# Supplied material:
========================================

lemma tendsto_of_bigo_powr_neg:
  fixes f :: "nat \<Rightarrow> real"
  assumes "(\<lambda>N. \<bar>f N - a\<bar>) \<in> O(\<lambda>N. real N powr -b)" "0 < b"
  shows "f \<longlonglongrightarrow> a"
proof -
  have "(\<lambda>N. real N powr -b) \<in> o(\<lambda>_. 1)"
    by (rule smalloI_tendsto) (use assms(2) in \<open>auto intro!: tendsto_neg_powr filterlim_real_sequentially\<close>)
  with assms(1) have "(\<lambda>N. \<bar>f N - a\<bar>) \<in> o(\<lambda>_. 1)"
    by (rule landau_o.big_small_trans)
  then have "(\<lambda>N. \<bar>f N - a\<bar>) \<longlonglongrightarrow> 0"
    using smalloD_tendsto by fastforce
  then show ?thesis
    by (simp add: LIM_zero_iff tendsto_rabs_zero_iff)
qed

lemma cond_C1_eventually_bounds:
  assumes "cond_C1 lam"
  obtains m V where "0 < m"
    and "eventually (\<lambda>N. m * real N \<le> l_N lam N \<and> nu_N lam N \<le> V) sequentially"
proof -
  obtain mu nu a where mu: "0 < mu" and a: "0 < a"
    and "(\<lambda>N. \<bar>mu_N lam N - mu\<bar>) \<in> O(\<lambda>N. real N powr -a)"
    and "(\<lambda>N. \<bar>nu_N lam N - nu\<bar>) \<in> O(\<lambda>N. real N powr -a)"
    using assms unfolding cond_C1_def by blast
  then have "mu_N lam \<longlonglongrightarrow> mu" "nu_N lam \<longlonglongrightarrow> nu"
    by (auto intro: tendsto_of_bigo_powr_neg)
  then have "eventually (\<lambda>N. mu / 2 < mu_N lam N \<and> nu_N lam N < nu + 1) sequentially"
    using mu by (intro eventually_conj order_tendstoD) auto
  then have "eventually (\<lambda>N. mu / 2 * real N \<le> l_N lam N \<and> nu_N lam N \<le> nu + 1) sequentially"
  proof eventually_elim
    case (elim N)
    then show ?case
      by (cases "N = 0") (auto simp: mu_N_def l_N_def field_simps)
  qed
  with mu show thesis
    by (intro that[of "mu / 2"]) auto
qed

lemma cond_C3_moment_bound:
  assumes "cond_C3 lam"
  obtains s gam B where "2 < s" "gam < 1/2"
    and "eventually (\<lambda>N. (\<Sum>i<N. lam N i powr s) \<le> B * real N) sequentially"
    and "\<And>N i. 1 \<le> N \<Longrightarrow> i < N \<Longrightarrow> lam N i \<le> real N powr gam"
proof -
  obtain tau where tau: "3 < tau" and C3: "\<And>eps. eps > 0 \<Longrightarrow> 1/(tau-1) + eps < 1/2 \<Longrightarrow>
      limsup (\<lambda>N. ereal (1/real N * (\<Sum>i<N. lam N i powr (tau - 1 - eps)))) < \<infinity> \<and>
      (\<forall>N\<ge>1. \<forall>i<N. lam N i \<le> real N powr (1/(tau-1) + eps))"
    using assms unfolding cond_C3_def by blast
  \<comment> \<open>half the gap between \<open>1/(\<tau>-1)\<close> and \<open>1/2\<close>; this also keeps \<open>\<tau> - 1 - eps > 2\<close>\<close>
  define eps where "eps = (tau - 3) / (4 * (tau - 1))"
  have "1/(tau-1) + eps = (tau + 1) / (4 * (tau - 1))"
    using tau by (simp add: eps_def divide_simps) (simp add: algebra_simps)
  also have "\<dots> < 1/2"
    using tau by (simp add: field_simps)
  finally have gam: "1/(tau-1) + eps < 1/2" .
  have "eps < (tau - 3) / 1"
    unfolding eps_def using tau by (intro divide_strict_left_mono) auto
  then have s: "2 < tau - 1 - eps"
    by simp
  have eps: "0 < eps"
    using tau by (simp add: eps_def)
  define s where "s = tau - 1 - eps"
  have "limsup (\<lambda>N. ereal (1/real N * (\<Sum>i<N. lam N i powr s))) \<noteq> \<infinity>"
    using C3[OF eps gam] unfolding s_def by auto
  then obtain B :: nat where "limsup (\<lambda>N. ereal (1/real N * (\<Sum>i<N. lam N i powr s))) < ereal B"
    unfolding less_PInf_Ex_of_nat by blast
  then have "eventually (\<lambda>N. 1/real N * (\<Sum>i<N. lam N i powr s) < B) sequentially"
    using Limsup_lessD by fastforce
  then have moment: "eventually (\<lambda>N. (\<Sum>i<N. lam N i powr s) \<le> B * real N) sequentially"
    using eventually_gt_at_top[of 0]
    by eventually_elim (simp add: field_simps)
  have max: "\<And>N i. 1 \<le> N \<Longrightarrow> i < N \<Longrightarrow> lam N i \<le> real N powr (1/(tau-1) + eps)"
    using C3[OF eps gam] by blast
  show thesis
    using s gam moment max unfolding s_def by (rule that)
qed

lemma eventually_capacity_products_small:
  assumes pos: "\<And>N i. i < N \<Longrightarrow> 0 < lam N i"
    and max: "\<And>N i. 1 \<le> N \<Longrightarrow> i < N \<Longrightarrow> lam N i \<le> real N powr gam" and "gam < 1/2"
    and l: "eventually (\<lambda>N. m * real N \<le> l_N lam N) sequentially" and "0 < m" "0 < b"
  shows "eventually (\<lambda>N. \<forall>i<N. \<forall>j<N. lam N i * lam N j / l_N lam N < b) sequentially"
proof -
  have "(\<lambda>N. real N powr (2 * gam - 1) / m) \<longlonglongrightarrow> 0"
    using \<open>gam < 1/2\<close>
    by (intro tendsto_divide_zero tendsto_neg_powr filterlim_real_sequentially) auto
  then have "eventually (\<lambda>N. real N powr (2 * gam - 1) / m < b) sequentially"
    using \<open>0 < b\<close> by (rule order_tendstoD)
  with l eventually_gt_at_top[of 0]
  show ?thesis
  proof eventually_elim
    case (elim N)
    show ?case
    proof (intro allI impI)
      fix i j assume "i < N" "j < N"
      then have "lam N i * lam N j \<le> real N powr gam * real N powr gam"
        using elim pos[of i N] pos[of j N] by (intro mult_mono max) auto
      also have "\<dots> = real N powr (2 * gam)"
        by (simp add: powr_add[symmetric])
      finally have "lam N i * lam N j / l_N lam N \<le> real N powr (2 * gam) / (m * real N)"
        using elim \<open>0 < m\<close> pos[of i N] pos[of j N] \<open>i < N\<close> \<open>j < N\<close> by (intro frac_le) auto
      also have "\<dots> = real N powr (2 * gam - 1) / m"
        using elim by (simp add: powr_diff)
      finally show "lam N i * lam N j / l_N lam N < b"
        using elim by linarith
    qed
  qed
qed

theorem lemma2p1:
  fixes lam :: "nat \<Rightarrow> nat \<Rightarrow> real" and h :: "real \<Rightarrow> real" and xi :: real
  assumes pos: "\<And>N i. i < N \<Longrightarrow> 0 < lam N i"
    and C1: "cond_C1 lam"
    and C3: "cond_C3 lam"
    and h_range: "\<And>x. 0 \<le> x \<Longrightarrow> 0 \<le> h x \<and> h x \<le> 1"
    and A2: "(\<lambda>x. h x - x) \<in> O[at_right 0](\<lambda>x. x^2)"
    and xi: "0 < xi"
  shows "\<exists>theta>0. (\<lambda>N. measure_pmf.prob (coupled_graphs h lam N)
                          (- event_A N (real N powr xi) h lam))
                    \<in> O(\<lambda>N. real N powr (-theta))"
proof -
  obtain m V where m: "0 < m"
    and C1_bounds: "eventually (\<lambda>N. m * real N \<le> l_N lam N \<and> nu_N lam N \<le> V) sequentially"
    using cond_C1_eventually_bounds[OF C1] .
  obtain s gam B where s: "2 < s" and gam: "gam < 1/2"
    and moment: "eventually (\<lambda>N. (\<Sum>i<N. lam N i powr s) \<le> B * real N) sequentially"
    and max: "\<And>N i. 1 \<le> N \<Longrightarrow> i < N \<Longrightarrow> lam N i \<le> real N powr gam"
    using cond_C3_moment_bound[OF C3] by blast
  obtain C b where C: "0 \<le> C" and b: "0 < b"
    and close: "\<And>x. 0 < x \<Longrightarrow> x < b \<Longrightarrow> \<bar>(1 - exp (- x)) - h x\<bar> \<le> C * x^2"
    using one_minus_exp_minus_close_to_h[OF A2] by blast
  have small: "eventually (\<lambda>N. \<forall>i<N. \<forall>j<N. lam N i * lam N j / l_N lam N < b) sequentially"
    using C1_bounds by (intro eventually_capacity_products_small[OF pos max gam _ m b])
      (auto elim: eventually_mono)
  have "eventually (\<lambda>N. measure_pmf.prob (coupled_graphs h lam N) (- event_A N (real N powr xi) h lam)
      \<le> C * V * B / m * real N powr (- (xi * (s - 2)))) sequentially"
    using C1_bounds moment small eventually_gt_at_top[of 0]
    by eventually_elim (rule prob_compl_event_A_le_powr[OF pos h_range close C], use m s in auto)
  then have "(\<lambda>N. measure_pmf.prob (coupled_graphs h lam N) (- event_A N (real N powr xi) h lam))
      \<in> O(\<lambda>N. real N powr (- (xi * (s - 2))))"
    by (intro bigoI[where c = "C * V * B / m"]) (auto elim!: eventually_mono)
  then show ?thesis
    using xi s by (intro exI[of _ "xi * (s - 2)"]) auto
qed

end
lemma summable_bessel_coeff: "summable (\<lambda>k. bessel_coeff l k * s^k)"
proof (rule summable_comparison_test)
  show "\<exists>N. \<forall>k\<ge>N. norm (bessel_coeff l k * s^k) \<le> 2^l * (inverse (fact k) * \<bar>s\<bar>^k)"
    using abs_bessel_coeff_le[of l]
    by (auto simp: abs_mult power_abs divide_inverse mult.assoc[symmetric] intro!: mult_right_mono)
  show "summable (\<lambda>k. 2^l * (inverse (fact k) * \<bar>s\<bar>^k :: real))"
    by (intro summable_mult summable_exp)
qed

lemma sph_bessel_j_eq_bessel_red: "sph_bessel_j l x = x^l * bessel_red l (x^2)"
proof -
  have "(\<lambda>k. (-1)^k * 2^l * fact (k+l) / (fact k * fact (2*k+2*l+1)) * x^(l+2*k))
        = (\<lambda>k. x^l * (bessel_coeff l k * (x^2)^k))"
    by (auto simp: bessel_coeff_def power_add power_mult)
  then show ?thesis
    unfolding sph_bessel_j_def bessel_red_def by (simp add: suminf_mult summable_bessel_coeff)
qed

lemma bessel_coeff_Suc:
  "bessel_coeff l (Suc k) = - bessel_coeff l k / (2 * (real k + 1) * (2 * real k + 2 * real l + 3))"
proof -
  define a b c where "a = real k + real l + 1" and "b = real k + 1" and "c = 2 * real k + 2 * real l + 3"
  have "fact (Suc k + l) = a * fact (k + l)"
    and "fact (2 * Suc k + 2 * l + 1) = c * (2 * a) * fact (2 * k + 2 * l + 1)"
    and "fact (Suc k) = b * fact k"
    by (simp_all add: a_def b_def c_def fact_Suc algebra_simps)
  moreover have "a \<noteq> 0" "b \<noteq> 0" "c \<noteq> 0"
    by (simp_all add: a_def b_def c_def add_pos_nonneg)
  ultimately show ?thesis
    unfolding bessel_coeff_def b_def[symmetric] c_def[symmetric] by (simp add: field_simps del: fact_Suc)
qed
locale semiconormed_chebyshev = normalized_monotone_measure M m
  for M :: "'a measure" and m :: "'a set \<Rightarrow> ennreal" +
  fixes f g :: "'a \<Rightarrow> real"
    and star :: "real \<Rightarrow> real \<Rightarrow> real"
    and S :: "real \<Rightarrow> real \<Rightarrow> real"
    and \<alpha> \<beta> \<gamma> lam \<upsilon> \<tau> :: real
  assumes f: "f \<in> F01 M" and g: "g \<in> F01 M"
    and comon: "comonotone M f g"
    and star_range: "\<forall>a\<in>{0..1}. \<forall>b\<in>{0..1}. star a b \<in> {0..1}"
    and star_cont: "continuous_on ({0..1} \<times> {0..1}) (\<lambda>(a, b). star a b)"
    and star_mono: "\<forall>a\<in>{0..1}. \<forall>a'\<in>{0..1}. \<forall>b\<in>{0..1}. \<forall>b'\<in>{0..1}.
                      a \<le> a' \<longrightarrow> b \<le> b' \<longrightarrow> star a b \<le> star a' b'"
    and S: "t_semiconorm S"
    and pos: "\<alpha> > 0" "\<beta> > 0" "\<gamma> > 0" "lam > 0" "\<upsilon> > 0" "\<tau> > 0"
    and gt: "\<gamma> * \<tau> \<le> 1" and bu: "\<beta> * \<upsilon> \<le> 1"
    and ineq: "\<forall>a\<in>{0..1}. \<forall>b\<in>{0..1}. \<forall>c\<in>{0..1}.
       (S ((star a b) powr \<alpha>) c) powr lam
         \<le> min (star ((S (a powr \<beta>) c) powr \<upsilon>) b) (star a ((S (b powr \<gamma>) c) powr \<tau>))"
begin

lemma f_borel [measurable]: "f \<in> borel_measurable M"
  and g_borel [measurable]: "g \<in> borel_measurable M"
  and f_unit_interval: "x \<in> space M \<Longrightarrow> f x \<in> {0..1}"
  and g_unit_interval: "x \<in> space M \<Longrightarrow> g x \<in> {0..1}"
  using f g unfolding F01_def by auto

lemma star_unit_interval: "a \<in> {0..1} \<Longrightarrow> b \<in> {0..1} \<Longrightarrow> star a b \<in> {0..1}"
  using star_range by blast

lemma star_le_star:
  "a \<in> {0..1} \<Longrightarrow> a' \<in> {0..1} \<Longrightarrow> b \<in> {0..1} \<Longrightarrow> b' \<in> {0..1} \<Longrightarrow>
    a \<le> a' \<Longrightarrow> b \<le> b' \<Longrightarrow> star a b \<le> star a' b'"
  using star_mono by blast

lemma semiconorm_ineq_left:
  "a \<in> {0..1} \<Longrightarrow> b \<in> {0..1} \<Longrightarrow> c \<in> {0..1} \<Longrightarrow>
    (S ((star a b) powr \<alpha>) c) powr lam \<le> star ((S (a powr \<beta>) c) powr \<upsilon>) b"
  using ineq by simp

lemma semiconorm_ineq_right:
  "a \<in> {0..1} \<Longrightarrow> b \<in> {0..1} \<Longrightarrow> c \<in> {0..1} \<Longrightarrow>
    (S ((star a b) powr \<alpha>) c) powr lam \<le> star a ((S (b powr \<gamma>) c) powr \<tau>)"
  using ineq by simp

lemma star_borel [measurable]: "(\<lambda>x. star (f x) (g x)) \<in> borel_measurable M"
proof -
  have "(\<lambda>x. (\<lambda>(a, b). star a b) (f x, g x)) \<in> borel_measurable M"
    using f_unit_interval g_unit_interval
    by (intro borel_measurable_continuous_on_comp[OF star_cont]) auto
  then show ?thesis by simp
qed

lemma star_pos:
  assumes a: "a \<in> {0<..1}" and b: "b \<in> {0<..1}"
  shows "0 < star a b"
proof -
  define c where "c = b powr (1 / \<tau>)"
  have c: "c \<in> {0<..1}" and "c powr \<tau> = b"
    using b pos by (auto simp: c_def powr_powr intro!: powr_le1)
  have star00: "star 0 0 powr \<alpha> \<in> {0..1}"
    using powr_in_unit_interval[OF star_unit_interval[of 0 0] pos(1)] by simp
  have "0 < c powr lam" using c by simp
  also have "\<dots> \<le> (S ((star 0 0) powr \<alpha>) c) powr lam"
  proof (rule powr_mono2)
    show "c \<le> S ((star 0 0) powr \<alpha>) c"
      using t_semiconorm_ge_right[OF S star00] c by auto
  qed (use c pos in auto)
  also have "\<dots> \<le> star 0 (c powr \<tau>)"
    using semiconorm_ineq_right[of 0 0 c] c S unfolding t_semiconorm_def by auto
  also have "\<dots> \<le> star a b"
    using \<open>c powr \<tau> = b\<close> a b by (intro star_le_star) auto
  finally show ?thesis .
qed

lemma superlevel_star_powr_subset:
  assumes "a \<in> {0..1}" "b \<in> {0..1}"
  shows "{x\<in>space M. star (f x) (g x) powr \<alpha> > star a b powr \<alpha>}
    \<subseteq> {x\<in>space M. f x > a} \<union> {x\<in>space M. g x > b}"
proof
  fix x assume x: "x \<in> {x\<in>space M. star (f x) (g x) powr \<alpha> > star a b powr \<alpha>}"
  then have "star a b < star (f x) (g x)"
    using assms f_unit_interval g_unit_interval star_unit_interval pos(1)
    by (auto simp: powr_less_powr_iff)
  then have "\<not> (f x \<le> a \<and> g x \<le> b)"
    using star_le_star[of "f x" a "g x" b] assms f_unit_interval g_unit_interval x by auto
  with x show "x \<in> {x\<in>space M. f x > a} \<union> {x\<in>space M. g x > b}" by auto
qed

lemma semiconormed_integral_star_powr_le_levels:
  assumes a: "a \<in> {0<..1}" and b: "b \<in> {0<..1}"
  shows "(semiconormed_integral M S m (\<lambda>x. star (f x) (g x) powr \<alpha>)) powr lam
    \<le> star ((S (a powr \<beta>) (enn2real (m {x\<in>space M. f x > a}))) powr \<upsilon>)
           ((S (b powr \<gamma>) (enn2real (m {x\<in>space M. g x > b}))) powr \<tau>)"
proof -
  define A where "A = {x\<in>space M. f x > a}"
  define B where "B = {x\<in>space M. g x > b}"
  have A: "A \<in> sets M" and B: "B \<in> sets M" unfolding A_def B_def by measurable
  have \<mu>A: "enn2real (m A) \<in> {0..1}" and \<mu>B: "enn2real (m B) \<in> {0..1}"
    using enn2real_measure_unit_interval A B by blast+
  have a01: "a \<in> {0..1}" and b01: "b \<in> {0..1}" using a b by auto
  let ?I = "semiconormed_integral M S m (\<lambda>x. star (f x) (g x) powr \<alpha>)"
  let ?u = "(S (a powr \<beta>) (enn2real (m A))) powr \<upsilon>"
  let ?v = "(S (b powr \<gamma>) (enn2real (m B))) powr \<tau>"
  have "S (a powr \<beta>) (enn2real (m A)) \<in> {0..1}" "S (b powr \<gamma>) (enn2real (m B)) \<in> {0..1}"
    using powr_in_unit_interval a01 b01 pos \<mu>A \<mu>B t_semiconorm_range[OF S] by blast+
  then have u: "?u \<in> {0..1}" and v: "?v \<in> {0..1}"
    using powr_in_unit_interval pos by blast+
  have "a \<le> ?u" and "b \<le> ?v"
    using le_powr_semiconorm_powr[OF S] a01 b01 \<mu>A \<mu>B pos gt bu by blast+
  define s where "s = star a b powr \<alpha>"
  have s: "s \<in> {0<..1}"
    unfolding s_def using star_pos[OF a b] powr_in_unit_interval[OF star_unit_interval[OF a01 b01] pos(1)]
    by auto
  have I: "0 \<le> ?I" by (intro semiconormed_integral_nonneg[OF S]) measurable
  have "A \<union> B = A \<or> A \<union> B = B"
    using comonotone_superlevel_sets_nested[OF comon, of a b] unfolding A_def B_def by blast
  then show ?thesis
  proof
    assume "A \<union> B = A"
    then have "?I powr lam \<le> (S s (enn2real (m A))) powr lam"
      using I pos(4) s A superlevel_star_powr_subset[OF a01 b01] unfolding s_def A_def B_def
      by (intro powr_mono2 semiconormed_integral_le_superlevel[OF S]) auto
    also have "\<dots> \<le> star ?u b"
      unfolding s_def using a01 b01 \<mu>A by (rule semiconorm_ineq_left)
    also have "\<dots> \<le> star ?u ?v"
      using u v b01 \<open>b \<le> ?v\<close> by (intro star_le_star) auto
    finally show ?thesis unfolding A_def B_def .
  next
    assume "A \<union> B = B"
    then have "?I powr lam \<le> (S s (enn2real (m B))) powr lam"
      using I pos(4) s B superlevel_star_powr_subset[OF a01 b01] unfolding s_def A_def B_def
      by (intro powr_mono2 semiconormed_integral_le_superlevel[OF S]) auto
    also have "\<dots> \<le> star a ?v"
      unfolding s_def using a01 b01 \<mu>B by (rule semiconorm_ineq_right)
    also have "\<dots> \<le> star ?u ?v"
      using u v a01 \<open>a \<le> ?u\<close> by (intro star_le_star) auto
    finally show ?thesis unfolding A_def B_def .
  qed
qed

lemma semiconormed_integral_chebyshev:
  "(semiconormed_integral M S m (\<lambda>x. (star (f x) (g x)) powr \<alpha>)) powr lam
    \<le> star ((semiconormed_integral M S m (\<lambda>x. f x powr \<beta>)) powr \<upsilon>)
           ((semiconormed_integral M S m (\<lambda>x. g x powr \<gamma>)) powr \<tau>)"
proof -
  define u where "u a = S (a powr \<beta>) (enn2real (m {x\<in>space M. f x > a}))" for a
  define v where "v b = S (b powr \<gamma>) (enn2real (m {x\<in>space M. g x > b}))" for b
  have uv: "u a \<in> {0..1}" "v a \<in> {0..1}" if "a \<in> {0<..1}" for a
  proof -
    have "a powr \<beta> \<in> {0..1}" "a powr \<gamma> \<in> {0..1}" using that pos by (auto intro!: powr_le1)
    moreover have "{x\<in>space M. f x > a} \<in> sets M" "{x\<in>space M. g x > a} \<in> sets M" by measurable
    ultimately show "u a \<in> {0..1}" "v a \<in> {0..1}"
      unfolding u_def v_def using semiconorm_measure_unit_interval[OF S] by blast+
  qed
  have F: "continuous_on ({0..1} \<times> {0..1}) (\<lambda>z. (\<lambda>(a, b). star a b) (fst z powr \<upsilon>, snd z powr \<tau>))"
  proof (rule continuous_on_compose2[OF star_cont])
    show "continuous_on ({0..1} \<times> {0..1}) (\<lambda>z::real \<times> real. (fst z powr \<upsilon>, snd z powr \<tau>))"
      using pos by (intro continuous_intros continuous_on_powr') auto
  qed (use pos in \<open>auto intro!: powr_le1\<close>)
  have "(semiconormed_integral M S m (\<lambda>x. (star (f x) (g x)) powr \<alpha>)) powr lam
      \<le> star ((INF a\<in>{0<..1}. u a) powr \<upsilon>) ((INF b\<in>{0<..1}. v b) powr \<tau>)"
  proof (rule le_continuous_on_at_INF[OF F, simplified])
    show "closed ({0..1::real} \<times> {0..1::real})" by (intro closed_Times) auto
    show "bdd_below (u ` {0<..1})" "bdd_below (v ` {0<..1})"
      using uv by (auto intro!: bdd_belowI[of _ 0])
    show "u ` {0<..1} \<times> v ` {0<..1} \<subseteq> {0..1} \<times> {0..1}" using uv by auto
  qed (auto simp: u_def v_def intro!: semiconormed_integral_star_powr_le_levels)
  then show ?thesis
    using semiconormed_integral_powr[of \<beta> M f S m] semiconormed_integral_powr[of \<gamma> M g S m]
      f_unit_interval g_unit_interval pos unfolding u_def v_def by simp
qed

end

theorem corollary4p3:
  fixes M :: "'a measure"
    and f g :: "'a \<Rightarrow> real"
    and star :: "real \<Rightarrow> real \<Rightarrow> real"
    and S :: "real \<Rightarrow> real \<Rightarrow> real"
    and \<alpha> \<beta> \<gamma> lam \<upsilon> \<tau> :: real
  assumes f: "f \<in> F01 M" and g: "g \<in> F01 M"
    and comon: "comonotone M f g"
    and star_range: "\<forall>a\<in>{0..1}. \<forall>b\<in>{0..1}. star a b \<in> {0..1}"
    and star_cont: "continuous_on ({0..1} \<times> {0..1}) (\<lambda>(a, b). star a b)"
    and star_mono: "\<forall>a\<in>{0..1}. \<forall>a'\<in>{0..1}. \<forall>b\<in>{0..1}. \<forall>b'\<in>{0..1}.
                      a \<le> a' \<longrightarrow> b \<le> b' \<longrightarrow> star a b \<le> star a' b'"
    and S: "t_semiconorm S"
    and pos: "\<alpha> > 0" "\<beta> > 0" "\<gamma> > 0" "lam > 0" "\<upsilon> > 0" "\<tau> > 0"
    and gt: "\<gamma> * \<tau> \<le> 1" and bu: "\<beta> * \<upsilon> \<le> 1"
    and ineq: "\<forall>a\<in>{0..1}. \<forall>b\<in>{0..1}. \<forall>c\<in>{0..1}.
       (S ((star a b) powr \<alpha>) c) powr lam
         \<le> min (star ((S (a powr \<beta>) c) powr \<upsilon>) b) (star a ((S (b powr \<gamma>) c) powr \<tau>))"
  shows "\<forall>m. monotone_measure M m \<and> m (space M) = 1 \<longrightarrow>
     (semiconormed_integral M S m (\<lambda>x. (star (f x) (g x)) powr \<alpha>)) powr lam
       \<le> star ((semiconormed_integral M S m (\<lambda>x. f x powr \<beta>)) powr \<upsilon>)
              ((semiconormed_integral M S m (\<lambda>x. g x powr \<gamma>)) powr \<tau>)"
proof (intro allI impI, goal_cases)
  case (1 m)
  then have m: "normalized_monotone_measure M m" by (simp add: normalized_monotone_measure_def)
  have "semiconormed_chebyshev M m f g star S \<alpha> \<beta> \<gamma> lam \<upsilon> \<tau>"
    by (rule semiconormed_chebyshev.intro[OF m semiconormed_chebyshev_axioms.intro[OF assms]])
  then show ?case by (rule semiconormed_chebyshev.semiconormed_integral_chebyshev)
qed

========================================

# Your instructions:
Your task is to repeat the records exactly. Begin at their first line and stop after the line containing "using mu by".

# Response to this task:
lemma tendsto_of_bigo_powr_neg:
  fixes f :: "nat \<Rightarrow> real"
  assumes "(\<lambda>N. \<bar>f N - a\<bar>) \<in> O(\<lambda>N. real N powr -b)" "0 < b"
  shows "f \<longlonglongrightarrow> a"
proof -
  have "(\<lambda>N. real N powr -b) \<in> o(\<lambda>_. 1)"
    by (rule smalloI_tendsto) (use assms(2) in \<open>auto intro!: tendsto_neg_powr filterlim_real_sequentially\<close>)
  with assms(1) have "(\<lambda>N. \<bar>f N - a\<bar>) \<in> o(\<lambda>_. 1)"
    by (rule landau_o.big_small_trans)
  then have "(\<lambda>N. \<bar>f N - a\<bar>) \<longlonglongrightarrow> 0"
    using smalloD_tendsto by fastforce
  then show ?thesis
    by (simp add: LIM_zero_iff tendsto_rabs_zero_iff)
qed

lemma cond_C1_eventually_bounds:
  assumes "cond_C1 lam"
  obtains m V where "0 < m"
    and "eventually (\<lambda>N. m * real N \<le> l_N lam N \<and> nu_N lam N \<le> V) sequentially"
proof -
  obtain mu nu a where mu: "0 < mu" and a: "0 < a"
    and "(\<lambda>N. \<bar>mu_N lam N - mu\<bar>) \<in> O(\<lambda>N. real N powr -a)"
    and "(\<lambda>N. \<bar>nu_N lam N - nu\<bar>) \<in> O(\<lambda>N. real N powr -a)"
    using assms unfolding cond_C1_def by blast
  then have "mu_N lam \<longlonglongrightarrow> mu" "nu_N lam \<longlonglongrightarrow> nu"
    by (auto intro: tendsto_of_bigo_powr_neg)
  then have "eventually (\<lambda>N. mu / 2 < mu_N lam N \<and> nu_N lam N < nu + 1) sequentially"
    using mu by (intro eventually_conj order_tendstoD) auto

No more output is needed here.